Data excerpts:

section \<open>The homomorphism phi\<close>

locale proper_intertwining =
  fixes L L1 :: "'a::field poly mat" and \<Theta> \<Theta>1 :: "'a ratf mat" and n n1 :: nat
  assumes L: "L \<in> carrier_mat n n" "det L \<noteq> 0"
    and L1: "L1 \<in> carrier_mat n1 n1" "det L1 \<noteq> 0"
    and \<Theta>: "\<Theta> \<in> carrier_mat n1 n" "proper_mat \<Theta>"
    and \<Theta>1: "\<Theta>1 \<in> carrier_mat n1 n" "proper_mat \<Theta>1"
    and intertwining: "\<Theta> * ratm L = ratm L1 * \<Theta>1"
begin

abbreviation P :: "'a ratf mat" where "P \<equiv> inverse s_ratf \<cdot>\<^sub>m ratm L"
abbreviation P1 :: "'a ratf mat" where "P1 \<equiv> inverse s_ratf \<cdot>\<^sub>m ratm L1"

lemma P_carrier: "P \<in> carrier_mat n n" and P1_carrier: "P1 \<in> carrier_mat n1 n1"
  using L L1 by simp_all

lemma det_P: "det P \<noteq> 0" and det_P1: "det P1 \<noteq> 0"
  using L L1 by (simp_all add: det_ratm)

lemma intertwining_vec: "v \<in> carrier_vec n \<Longrightarrow> \<Theta> *\<^sub>v (P *\<^sub>v v) = P1 *\<^sub>v (\<Theta>1 *\<^sub>v v)"
proof -
  assume v: "v \<in> carrier_vec n"
  have "\<Theta> * P = inverse s_ratf \<cdot>\<^sub>m (\<Theta> * ratm L)"
    using \<Theta>(1) ratm_carrier[OF L(1)] by (rule mult_smult_distrib)
  also have "\<dots> = P1 * \<Theta>1"
    using ratm_carrier[OF L1(1)] \<Theta>1(1) unfolding intertwining by (rule mult_smult_assoc_mat[symmetric])
  finally have "\<Theta> * P = P1 * \<Theta>1" .
  then have "(\<Theta> * P) *\<^sub>v v = (P1 * \<Theta>1) *\<^sub>v v" by simp
  then show ?thesis
    using assoc_mult_mat_vec[OF \<Theta>(1) P_carrier v] assoc_mult_mat_vec[OF P1_carrier \<Theta>1(1) v] by simp
qed

lemma rho_mult_cong:
  assumes x: "x \<in> carrier_vec n" "x' \<in> carrier_vec n" and eq: "rho L x = rho L x'"
  shows "rho L1 (\<Theta> *\<^sub>v x) = rho L1 (\<Theta> *\<^sub>v x')"
proof -
  obtain z where z: "z \<in> carrier_vec n" "proper_vec z" "x - x' = P *\<^sub>v z"
    using eq rho_eq_iff[OF L x] by blast
  have "\<Theta> *\<^sub>v x - \<Theta> *\<^sub>v x' = \<Theta> *\<^sub>v (x - x')"
    using \<Theta>(1) x by (simp add: mult_minus_distrib_mat_vec)
  also have "\<dots> = P1 *\<^sub>v (\<Theta>1 *\<^sub>v z)"
    using z by (simp add: intertwining_vec)
  moreover have "\<Theta>1 *\<^sub>v z \<in> carrier_vec n1" "proper_vec (\<Theta>1 *\<^sub>v z)"
    using z \<Theta>1 by (auto intro: proper_mult_mat_vec)
  ultimately show ?thesis
    using rho_eq_iff[OF L1, of "\<Theta> *\<^sub>v x" "\<Theta> *\<^sub>v x'"] x \<Theta>(1) by auto
qed

lemma phi_hom_rho:
  assumes "x \<in> carrier_vec n" "proper_vec x"
  shows "phi_hom L L1 \<Theta> (rho L x) = rho L1 (\<Theta> *\<^sub>v x)"
proof -
  let ?Q = "\<lambda>x'. x' \<in> carrier_vec (dim_row L) \<and> proper_vec x' \<and> rho L x' = rho L x"
  have "?Q x" using L assms by simp
  then have "?Q (SOME x'. ?Q x')" by (rule someI)
  then have "rho L1 (\<Theta> *\<^sub>v (SOME x'. ?Q x')) = rho L1 (\<Theta> *\<^sub>v x)"
    using assms L(1) by (intro rho_mult_cong) auto
  then show ?thesis unfolding phi_hom_def .
qed

lemma phi_hom_image:
  "phi_hom L L1 \<Theta> ` U_mod L = (\<lambda>x. rho L1 (\<Theta> *\<^sub>v x)) ` {x \<in> carrier_vec n. proper_vec x}"
  unfolding U_mod_eq[OF L(1)] image_image using phi_hom_rho by (intro image_cong) auto

lemma phi_hom_surj_iff:
  "phi_hom L L1 \<Theta> ` U_mod L = U_mod L1 \<longleftrightarrow>
    (\<exists>C D. C \<in> carrier_mat n n1 \<and> proper_mat C \<and> D \<in> carrier_mat n1 n1 \<and> proper_mat D \<and>
      \<Theta> * C + inverse s_ratf \<cdot>\<^sub>m (ratm L1 * D) = 1\<^sub>m n1)"
  unfolding phi_hom_image using rho_mult_image_eq_U_mod_iff[OF L1 \<Theta>] .

lemma proper_if_inj_on_phi_hom:
  assumes inj: "inj_on (phi_hom L L1 \<Theta>) (U_mod L)"
    and v: "v \<in> carrier_vec n" and \<Theta>1v: "proper_vec (\<Theta>1 *\<^sub>v v)" and Pv: "proper_vec (P *\<^sub>v v)"
  shows "proper_vec v"
proof -
  let ?x = "P *\<^sub>v v"
  have x: "?x \<in> carrier_vec n" using P_carrier v by simp
  have zero: "0\<^sub>v n \<in> carrier_vec n" "proper_vec (0\<^sub>v n)" "\<Theta> *\<^sub>v 0\<^sub>v n = 0\<^sub>v n1"
    using \<Theta>(1) unfolding proper_vec_def by auto
  have "\<Theta> *\<^sub>v ?x - \<Theta> *\<^sub>v 0\<^sub>v n = P1 *\<^sub>v (\<Theta>1 *\<^sub>v v)"
    using intertwining_vec[OF v] P1_carrier \<Theta>1(1) v zero(3) by auto
  moreover have "\<Theta>1 *\<^sub>v v \<in> carrier_vec n1" using \<Theta>1(1) v by simp
  moreover have "\<Theta> *\<^sub>v ?x \<in> carrier_vec n1" "\<Theta> *\<^sub>v 0\<^sub>v n \<in> carrier_vec n1"
    using \<Theta>(1) x zero(1) by simp_all
  ultimately have "rho L1 (\<Theta> *\<^sub>v ?x) = rho L1 (\<Theta> *\<^sub>v 0\<^sub>v n)"
    using rho_eq_iff[OF L1] \<Theta>1v by blast
  then have "phi_hom L L1 \<Theta> (rho L ?x) = phi_hom L L1 \<Theta> (rho L (0\<^sub>v n))"
    using phi_hom_rho[OF x Pv] phi_hom_rho[OF zero(1,2)] by simp
  moreover have "rho L ?x \<in> U_mod L" "rho L (0\<^sub>v n) \<in> U_mod L"
    unfolding U_mod_eq[OF L(1)] using x Pv zero by auto
  ultimately have "rho L ?x = rho L (0\<^sub>v n)"
    using inj by (auto dest: inj_onD)
  then obtain y where y: "y \<in> carrier_vec n" "proper_vec y" "?x - 0\<^sub>v n = P *\<^sub>v y"
    using rho_eq_iff[OF L x zero(1)] by blast
  then have "P *\<^sub>v v = P *\<^sub>v y" using x by simp
  then have "v = y" using mult_mat_vec_cancel[OF P_carrier det_P v y(1)] by simp
  then show "proper_vec v" using y by simp
qed

lemma inj_on_phi_hom_if_reflects:
  assumes reflects: "\<And>v. v \<in> carrier_vec n \<Longrightarrow> proper_vec (\<Theta>1 *\<^sub>v v) \<Longrightarrow> proper_vec (P *\<^sub>v v) \<Longrightarrow> proper_vec v"
  shows "inj_on (phi_hom L L1 \<Theta>) (U_mod L)"
proof (rule inj_onI)
  fix u u' assume "u \<in> U_mod L" "u' \<in> U_mod L" and eq: "phi_hom L L1 \<Theta> u = phi_hom L L1 \<Theta> u'"
  then obtain x x' where x: "x \<in> carrier_vec n" "proper_vec x" "u = rho L x"
    and x': "x' \<in> carrier_vec n" "proper_vec x'" "u' = rho L x'"
    unfolding U_mod_eq[OF L(1)] by blast
  have "rho L1 (\<Theta> *\<^sub>v x) = rho L1 (\<Theta> *\<^sub>v x')"
    using eq phi_hom_rho x x' by simp
  then obtain z where z: "z \<in> carrier_vec n1" "proper_vec z" "\<Theta> *\<^sub>v x - \<Theta> *\<^sub>v x' = P1 *\<^sub>v z"
    using rho_eq_iff[OF L1, of "\<Theta> *\<^sub>v x" "\<Theta> *\<^sub>v x'"] \<Theta>(1) x x' by auto
  obtain v where v: "v \<in> carrier_vec n" "P *\<^sub>v v = x - x'"
    using mult_mat_vec_surj[OF P_carrier det_P, of "x - x'"] x x' by auto
  have "P1 *\<^sub>v (\<Theta>1 *\<^sub>v v) = \<Theta> *\<^sub>v (x - x')"
    using intertwining_vec[OF v(1)] v(2) by simp
  also have "\<dots> = P1 *\<^sub>v z"
    using z(3) \<Theta>(1) x x' by (simp add: mult_minus_distrib_mat_vec)
  finally have "\<Theta>1 *\<^sub>v v = z"
    using mult_mat_vec_cancel[OF P1_carrier det_P1] \<Theta>1(1) v z by simp
  moreover have "proper_vec (P *\<^sub>v v)"
    using v x x' by (simp add: proper_vec_diff)
  ultimately have "proper_vec v" using reflects v z by simp
  then show "u = u'"
    using rho_eq_iff[OF L x(1) x'(1)] v x x' by auto
qed

lemma phi_hom_inj_on_iff:
  "inj_on (phi_hom L L1 \<Theta>) (U_mod L) \<longleftrightarrow>
    (\<exists>C D. C \<in> carrier_mat n n1 \<and> proper_mat C \<and> D \<in> carrier_mat n n \<and> proper_mat D \<and>
      C * \<Theta>1 + D * (inverse s_ratf \<cdot>\<^sub>m ratm L) = 1\<^sub>m n)"
proof -
  have "inj_on (phi_hom L L1 \<Theta>) (U_mod L) \<longleftrightarrow>
      (\<forall>v \<in> carrier_vec n. proper_vec (\<Theta>1 *\<^sub>v v) \<longrightarrow> proper_vec (P *\<^sub>v v) \<longrightarrow> proper_vec v)"
    using proper_if_inj_on_phi_hom inj_on_phi_hom_if_reflects by blast
  then show ?thesis
    using proper_left_inverse_append_rows_iff[OF \<Theta>1(1) P_carrier det_P] by simp
qed

end

theorem theorem3p5:
  fixes L :: "'a::field poly mat" and L1 :: "'a poly mat"
    and \<Theta> \<Theta>1 :: "'a ratf mat"
  assumes L: "L \<in> carrier_mat n n" and L_ns: "det L \<noteq> 0"
    and L1: "L1 \<in> carrier_mat n1 n1" and L1_ns: "det L1 \<noteq> 0"
    and Th: "\<Theta> \<in> carrier_mat n1 n" and Th_p: "proper_mat \<Theta>"
    and Th1: "\<Theta>1 \<in> carrier_mat n1 n" and Th1_p: "proper_mat \<Theta>1"
    and inter: "\<Theta> * ratm L = ratm L1 * \<Theta>1"
  shows "(phi_hom L L1 \<Theta> ` U_mod L = U_mod L1 \<longleftrightarrow>
           (\<exists>C D. C \<in> carrier_mat n n1 \<and> proper_mat C \<and>
                  D \<in> carrier_mat n1 n1 \<and> proper_mat D \<and>
                  \<Theta> * C + inverse s_ratf \<cdot>\<^sub>m (ratm L1 * D) = 1\<^sub>m n1))
       \<and> (inj_on (phi_hom L L1 \<Theta>) (U_mod L) \<longleftrightarrow>
           (\<exists>C D. C \<in> carrier_mat n n1 \<and> proper_mat C \<and>
                  D \<in> carrier_mat n n \<and> proper_mat D \<and>
                  C * \<Theta>1 + D * (inverse s_ratf \<cdot>\<^sub>m ratm L) = 1\<^sub>m n))"
proof -
  interpret proper_intertwining L L1 \<Theta> \<Theta>1 n n1
    using assms by unfold_locales
  show ?thesis using phi_hom_surj_iff phi_hom_inj_on_iff by blast
qed

end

- _Work instruction_
Give only the number of lines in the preceding data that include the word "intro".

- _Answer box_
3